### WORK TASK
This exercise calls for every line of the data below with the string "moreover" in it.

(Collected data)
■ ■ ■ ■ ■

lemma mult_mp_pinv_mult:
  assumes M: "M \<in> carrier_mat m n" and C: "C \<in> carrier_mat k m"
  shows "C * M * mp_pinv M * M = C * M"
proof -
  note P = mp_pinv_penrose[OF M, unfolded penrose_def]
  have Pc: "mp_pinv M \<in> carrier_mat n m"
    using P M by simp
  have "C * M * mp_pinv M * M = C * (M * mp_pinv M) * M"
    by (simp only: assoc_mult_mat[OF C M Pc])
  also have "\<dots> = C * (M * mp_pinv M * M)"
    using C M Pc by (intro assoc_mult_mat) auto
  finally show ?thesis
    using P by simp
qed

section \<open>Frobenius norm\<close>

definition frob_sq :: "real mat \<Rightarrow> real" where
  "frob_sq M = (\<Sum>i<dim_row M. \<Sum>c<dim_col M. (M $$ (i, c))\<^sup>2)"

lemma frob_sq_nonneg: "0 \<le> frob_sq M"
  unfolding frob_sq_def by (intro sum_nonneg) auto

lemma frob_norm_sq: "(frob_norm M)\<^sup>2 = frob_sq M"
  unfolding frob_norm_def frob_sq_def[symmetric] using frob_sq_nonneg by simp

lemma frob_sq_add_orthogonal:
  assumes A: "A \<in> carrier_mat k r" and B: "B \<in> carrier_mat k r"
    and AB: "A * transpose_mat B = 0\<^sub>m k k"
  shows "frob_sq (A + B) = frob_sq A + frob_sq B"
proof -
  have cross: "(\<Sum>c<r. A $$ (i, c) * B $$ (i, c)) = 0" if "i < k" for i
  proof -
    have "(\<Sum>c<r. A $$ (i, c) * B $$ (i, c)) = (A * transpose_mat B) $$ (i, i)"
      using index_mult_mat_sum[of A k r "transpose_mat B" k i i] A B that by simp
    then show ?thesis
      using AB that by simp
  qed
  have "frob_sq (A + B) = (\<Sum>i<k. \<Sum>c<r. (A $$ (i, c))\<^sup>2 + (B $$ (i, c))\<^sup>2 + 2 * (A $$ (i, c) * B $$ (i, c)))"
    unfolding frob_sq_def using A B by (intro sum.cong) (auto simp: power2_sum)
  also have "\<dots> = frob_sq A + frob_sq B + 2 * (\<Sum>i<k. \<Sum>c<r. A $$ (i, c) * B $$ (i, c))"
    unfolding frob_sq_def using A B by (simp add: sum.distrib sum_distrib_left)
  finally show ?thesis
    using cross by simp
qed

lemma frob_sq_mult_proj_le:
  assumes Y: "Y \<in> carrier_mat k r" and Q: "Q \<in> carrier_mat r r"
    and Qt: "transpose_mat Q = Q" and QQ: "Q * Q = Q"
  shows "frob_sq (Y * Q) \<le> frob_sq Y"
proof -
  have YQ: "Y * Q \<in> carrier_mat k r"
    using Y Q by simp
  have Yt: "transpose_mat Y \<in> carrier_mat r k"
    using Y by simp
  have "transpose_mat (Y - Y * Q) = transpose_mat Y - Q * transpose_mat Y"
    using Y Q Qt by (simp add: transpose_minus[OF Y YQ] transpose_mult_dim)
  then have "Y * Q * transpose_mat (Y - Y * Q) = Y * Q * transpose_mat Y - Y * Q * (Q * transpose_mat Y)"
    using YQ Yt Q by (simp add: mult_minus_distrib_mat[of _ k r] del: assoc_mult_mat)
  also have "Y * Q * (Q * transpose_mat Y) = Y * Q * transpose_mat Y"
  proof -
    have "Y * Q * Q = Y * Q"
      by (simp only: assoc_mult_mat[OF Y Q Q] QQ)
    then show ?thesis
      using assoc_mult_mat[OF YQ Q Yt] by simp
  qed
  also have "Y * Q * transpose_mat Y - Y * Q * transpose_mat Y = 0\<^sub>m k k"
    using YQ Yt by (intro eq_matI) auto
  finally have orth: "Y * Q * transpose_mat (Y - Y * Q) = 0\<^sub>m k k" .
  have Z: "Y - Y * Q \<in> carrier_mat k r"
    using minus_carrier_mat[OF YQ] Y by simp
  have "frob_sq (Y * Q + (Y - Y * Q)) = frob_sq (Y * Q) + frob_sq (Y - Y * Q)"
    by (rule frob_sq_add_orthogonal[OF YQ Z orth])  moreover have "Y * Q + (Y - Y * Q) = Y"
    using Y YQ by (intro eq_matI) auto
  ultimately show ?thesis
    using frob_sq_nonneg[of "Y - Y * Q"] by simp
qed
(* Let $\mathbb P$ be the law of a stationary simple point process on $\mathbb R^d$ with finite positive intensity $m$ and $\mathbb P(\xi\ne\emptyset)=1$, and let $p\in[1,\infty)$. Then $\mathbb E_0\big[\deg_{\mathrm{DT}(\xi)}(0)^p\big]<+\infty$ in each of the following cases: (C1) for some $\bar\alpha>0$ and $C_0>0$, $\sup_{x\in\mathbb R^d}\mathbb P_0(\xi(\Lambda_\ell(x))=0)\le C_0\ell^{-\bar\alpha}$ for all $\ell>0$, and $\rho_\gamma<+\infty$ for some $\gamma>p+1$ with $\bar\alpha>\frac{dp(\gamma-1)}{\gamma-1-p}$; (C2) $\rho_{1+p}<+\infty$ and $\mathbb P$ has finite range of dependence; (C3) $\rho_{1+p}<+\infty$, $\mathbb P$ has positive association, and Condition $C(\alpha)$ holds for some $\alpha>dp$.
   Context: $\mathcal N$ = locally finite subsets of $\mathbb R^d$, identified with counting measures ($\xi(A)=\#(\xi\cap A)$), $\sigma$-algebra generated by $\xi\mapsto\xi(A)$; $\tau_x\xi=\xi-x$; stationarity: $\mathbb P(\tau_xA)=\mathbb P(A)$; $m=\mathbb E[\xi([0,1]^d)]$. $\Lambda_\ell(x)=x+[-\ell,\ell]^d$, $\Lambda_\ell=\Lambda_\ell(0)$. $\mathrm{DT}(\xi)$: graph on $\xi$ with edges $\{x,y\}$, $x\ne y$, whose Voronoi cells $\mathrm{Vor}(x|\xi)=\{y:|y-x|\le|y-z|\ \forall z\in\xi\}$ share a $(d-1)$-dimensional face; $\deg_{\mathrm{DT}(\xi)}(0)$ is the degree of the vertex $0$. $\rho_\gamma=\mathbb E[\xi([0,1]^d)^\gamma]$. Palm distribution $\mathbb P_0(A)=\frac1m\int d\mathbb P(\xi)\sum_{x\in\xi\cap[0,1]^d}\mathbf 1_A(\tau_x\xi)$ (concentrated on $\{0\in\xi\}$), expectation $\mathbb E_0$. Condition $C(\alpha)$: $\exists\kappa>0$ with $\mathbb P(\xi(\Lambda_\ell)=0)\le\kappa\ell^{-\alpha}$ for $\ell\ge1$. Finite range of dependence: $\exists L>0$ such that $\xi\cap A$, $\xi\cap B$ are $\mathbb P$-independent for Borel $A,B$ at distance $\ge L$. Positive association: $\mathrm{Cov}_{\mathbb P}(f(\xi(A_1),\dots,\xi(A_n)),g(\xi(B_1),\dots,\xi(B_k)))\ge0$ for weakly increasing $f,g$ and pairwise disjoint bounded Borel sets, whenever both have finite second moments. *)

theory Defs
  imports "HOL-Analysis.Analysis" "HOL-Probability.Probability"
begin

definition locfin :: "'a::euclidean_space set \<Rightarrow> bool" where
  "locfin \<xi> \<longleftrightarrow> (\<forall>K. bounded K \<longrightarrow> finite (\<xi> \<inter> K))"

definition N_space :: "'a::euclidean_space set measure" where
  "N_space = sigma {\<xi>. locfin \<xi>}
     {{\<xi>. locfin \<xi> \<and> card (\<xi> \<inter> A) = n} | A n. A \<in> sets borel \<and> bounded A}"

definition translate :: "'a::euclidean_space \<Rightarrow> 'a set \<Rightarrow> 'a set" where
  "translate x \<xi> = (\<lambda>y. y - x) ` \<xi>"

definition unit_cube :: "'a::euclidean_space set" where
  "unit_cube = cbox 0 One"

definition Lambda :: "real \<Rightarrow> 'a::euclidean_space \<Rightarrow> 'a set" where
  "Lambda l x = cbox (x - l *\<^sub>R One) (x + l *\<^sub>R One)"

definition stationary :: "'a::euclidean_space set measure \<Rightarrow> bool" where
  "stationary P \<longleftrightarrow> (\<forall>x A. A \<in> sets P \<longrightarrow> measure P (translate x ` A) = measure P A)"

definition intensity :: "'a::euclidean_space set measure \<Rightarrow> real" where
  "intensity P = (\<integral>\<xi>. real (card (\<xi> \<inter> unit_cube)) \<partial>P)"

definition rho :: "'a::euclidean_space set measure \<Rightarrow> real \<Rightarrow> ennreal" where
  "rho P \<gamma> = (\<integral>\<^sup>+\<xi>. ennreal (real (card (\<xi> \<inter> unit_cube)) powr \<gamma>) \<partial>P)"

definition palm_exp :: "'a::euclidean_space set measure \<Rightarrow> ('a set \<Rightarrow> ennreal) \<Rightarrow> ennreal" where
  "palm_exp P f = ennreal (1 / intensity P) *
     (\<integral>\<^sup>+\<xi>. (\<Sum>x\<in>\<xi> \<inter> unit_cube. f (translate x \<xi>)) \<partial>P)"

definition palm_prob :: "'a::euclidean_space set measure \<Rightarrow> 'a set set \<Rightarrow> ennreal" where
  "palm_prob P A = palm_exp P (indicator A)"

definition vor :: "'a::euclidean_space set \<Rightarrow> 'a \<Rightarrow> 'a set" where
  "vor \<xi> x = {y. \<forall>z\<in>\<xi>. dist y x \<le> dist y z}"

definition dt_edge :: "'a::euclidean_space set \<Rightarrow> 'a \<Rightarrow> 'a \<Rightarrow> bool" where
  "dt_edge \<xi> x y \<longleftrightarrow> x \<in> \<xi> \<and> y \<in> \<xi> \<and> x \<noteq> y \<and>
     (\<exists>F. F face_of vor \<xi> x \<and> F face_of vor \<xi> y \<and> aff_dim F = int DIM('a) - 1)"

definition deg0_pow :: "'a::euclidean_space set \<Rightarrow> real \<Rightarrow> ennreal" where
  "deg0_pow \<xi> p = (if finite {y. dt_edge \<xi> 0 y}
      then ennreal (real (card {y. dt_edge \<xi> 0 y}) powr p) else \<infinity>)"

definition condC :: "'a::euclidean_space set measure \<Rightarrow> real \<Rightarrow> bool" where
  "condC P \<alpha> \<longleftrightarrow> (\<exists>\<kappa>>0. \<forall>l\<ge>1.
     measure P {\<xi>\<in>space P. \<xi> \<inter> Lambda l 0 = {}} \<le> \<kappa> * l powr (-\<alpha>))"

definition finite_range_dep :: "'a::euclidean_space set measure \<Rightarrow> bool" where
  "finite_range_dep P \<longleftrightarrow> (\<exists>L>0. \<forall>A B. A \<in> sets borel \<longrightarrow> B \<in> sets borel \<longrightarrow>
     (\<forall>a\<in>A. \<forall>b\<in>B. dist a b \<ge> L) \<longrightarrow>
     prob_space.indep_var P N_space (\<lambda>\<xi>. \<xi> \<inter> A) N_space (\<lambda>\<xi>. \<xi> \<inter> B))"

definition pos_assoc :: "'a::euclidean_space set measure \<Rightarrow> bool" where
  "pos_assoc P \<longleftrightarrow> (\<forall>(As::'a set list) (Bs::'a set list) (f::nat list \<Rightarrow> real) (g::nat list \<Rightarrow> real).
     (\<forall>A\<in>set As. A \<in> sets borel \<and> bounded A) \<longrightarrow>
     (\<forall>B\<in>set Bs. B \<in> sets borel \<and> bounded B) \<longrightarrow>
     disjoint_family_on (\<lambda>i. As ! i) {..<length As} \<longrightarrow>
     disjoint_family_on (\<lambda>i. Bs ! i) {..<length Bs} \<longrightarrow>
     (\<forall>xs ys. length xs = length As \<longrightarrow> list_all2 (\<le>) xs ys \<longrightarrow> f xs \<le> f ys) \<longrightarrow>
     (\<forall>xs ys. length xs = length Bs \<longrightarrow> list_all2 (\<le>) xs ys \<longrightarrow> g xs \<le> g ys) \<longrightarrow>
     integrable P (\<lambda>\<xi>. (f (map (\<lambda>A. card (\<xi> \<inter> A)) As))\<^sup>2) \<longrightarrow>
     integrable P (\<lambda>\<xi>. (g (map (\<lambda>B. card (\<xi> \<inter> B)) Bs))\<^sup>2) \<longrightarrow>
     (\<integral>\<xi>. f (map (\<lambda>A. card (\<xi> \<inter> A)) As) * g (map (\<lambda>B. card (\<xi> \<inter> B)) Bs) \<partial>P)
       - (\<integral>\<xi>. f (map (\<lambda>A. card (\<xi> \<inter> A)) As) \<partial>P) * (\<integral>\<xi>. g (map (\<lambda>B. card (\<xi> \<inter> B)) Bs) \<partial>P)
       \<ge> 0)"

end

(*
  A Delaunay neighbour y of the origin shares a Voronoi face with it; any point z of that face
  satisfies |y| <= 2|z| and the ball B(z, |z|) contains no point of the configuration.  So if the
  farthest neighbour of a point x of the unit cube has norm in [2 S 2^j, 4 S 2^j), the empty ball
  of radius r = S 2^j contains one of finitely many grid cells of half-side r/(3d) that is empty,
  while all neighbours lie in Lambda(4r + 1).  This bounds deg^p pointwise by
  xi(Lambda(2S + 1))^p + sum_j sum_k 1{cell (j,k) empty} xi(Lambda(4 S 2^j + 1))^p, and by the
  definition of the Palm expectation it suffices that
  E[xi([0,1]^d) 1{cell empty} xi(Lambda(4r + 1))^p] = O(r^-e) for some e > 0.
  Covering Lambda(4r + 1) by unit cubes and stationarity give E[xi([0,1]^d) xi(Lambda(4r + 1))^q]
  = O(r^(dq)) rho_(q+1), and the void probability of the cell must beat r^(dp): in (C1) by splitting
  at a threshold on xi(Lambda(4r + 1)) and using the Palm void bound together with rho_gamma, in
  (C2) since the cell shrunk by L is independent of the configuration outside the cell and
  large cubes are void with geometrically small probability, in (C3) since by positive association the void indicator is
  negatively correlated with the count functional and C(alpha) holds with alpha > dp.
*)

theory Submission
  imports Defs
begin

definition count_in :: "'a::euclidean_space set \<Rightarrow> 'a set \<Rightarrow> nat" where
  "count_in A \<xi> = card (\<xi> \<inter> A)"

lemma space_N_space: "space N_space = {\<xi>. locfin \<xi>}"
  unfolding N_space_def by (rule space_measure_of) auto

lemma count_in_measurable_N_space:
  assumes "bounded A" "A \<in> sets borel"
  shows "count_in A \<in> N_space \<rightarrow>\<^sub>M count_space UNIV"
proof -
  have "count_in A -` {n} \<inter> space N_space = {\<xi>. locfin \<xi> \<and> card (\<xi> \<inter> A) = n}" for n
    by (auto simp: space_N_space count_in_def)
  moreover have "{\<xi>. locfin \<xi> \<and> card (\<xi> \<inter> A) = n} \<in> sets N_space" for n
    unfolding N_space_def by (rule in_measure_of) (use assms in auto)
  ultimately show ?thesis
    by (auto simp: measurable_count_space_eq2_countable)
qed

lemma mem_translate: "y \<in> translate x \<xi> \<longleftrightarrow> y + x \<in> \<xi>"
  unfolding translate_def by (auto simp: image_iff) (metis add_diff_cancel)

lemma translate_Int: "translate x \<xi> \<inter> B = (\<lambda>y. y - x) ` (\<xi> \<inter> (+) x ` B)"
  unfolding translate_def by (auto simp: image_iff) (metis add.commute diff_add_cancel)

lemma card_translate_Int: "card (translate x \<xi> \<inter> B) = card (\<xi> \<inter> (+) x ` B)"
  unfolding translate_Int by (rule card_image) (auto simp: inj_on_def)

lemma locfin_translate: "locfin \<xi> \<Longrightarrow> locfin (translate x \<xi>)"
  unfolding locfin_def translate_Int by (auto intro: bounded_translation)

lemma translate_translate: "translate x (translate y \<xi>) = translate (x + y) \<xi>"
  unfolding translate_def by (auto simp: image_image algebra_simps)

lemma translate_0 [simp]: "translate 0 \<xi> = \<xi>"
  unfolding translate_def by simp

lemma translation_in_borel:
  fixes A :: "'a::euclidean_space set"
  assumes "A \<in> sets borel"
  shows "(+) v ` A \<in> sets borel"
proof -
  have "(+) v ` A = (\<lambda>y. y - v) -` A \<inter> space borel"
    by (auto simp: image_iff) (metis add.commute diff_add_cancel)
  also have "\<dots> \<in> sets borel"
    by (rule measurable_sets[OF _ assms]) measurable
  finally show ?thesis .
qed

lemma mem_Lambda: "w \<in> Lambda l c \<longleftrightarrow> (\<forall>b\<in>Basis. c \<bullet> b - l \<le> w \<bullet> b \<and> w \<bullet> b \<le> c \<bullet> b + l)"
  unfolding Lambda_def mem_box by (simp add: inner_diff_left inner_add_left)

lemma mem_unit_cube: "x \<in> unit_cube \<longleftrightarrow> (\<forall>b\<in>Basis. 0 \<le> x \<bullet> b \<and> x \<bullet> b \<le> 1)"
  unfolding unit_cube_def mem_box by simp

lemma bounded_Lambda [intro, simp]: "bounded (Lambda l c)"
  unfolding Lambda_def by simp

lemma Lambda_in_borel [intro, simp]: "Lambda l c \<in> sets borel"
  unfolding Lambda_def by simp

■ ■ ■ ■ ■

### WRITTEN ANSWER
    by (rule frob_sq_add_orthogonal[OF YQ Z orth])  moreover have "Y * Q + (Y - Y * Q) = Y"
  moreover have "{\<xi>. locfin \<xi> \<and> card (\<xi> \<inter> A) = n} \<in> sets N_space" for n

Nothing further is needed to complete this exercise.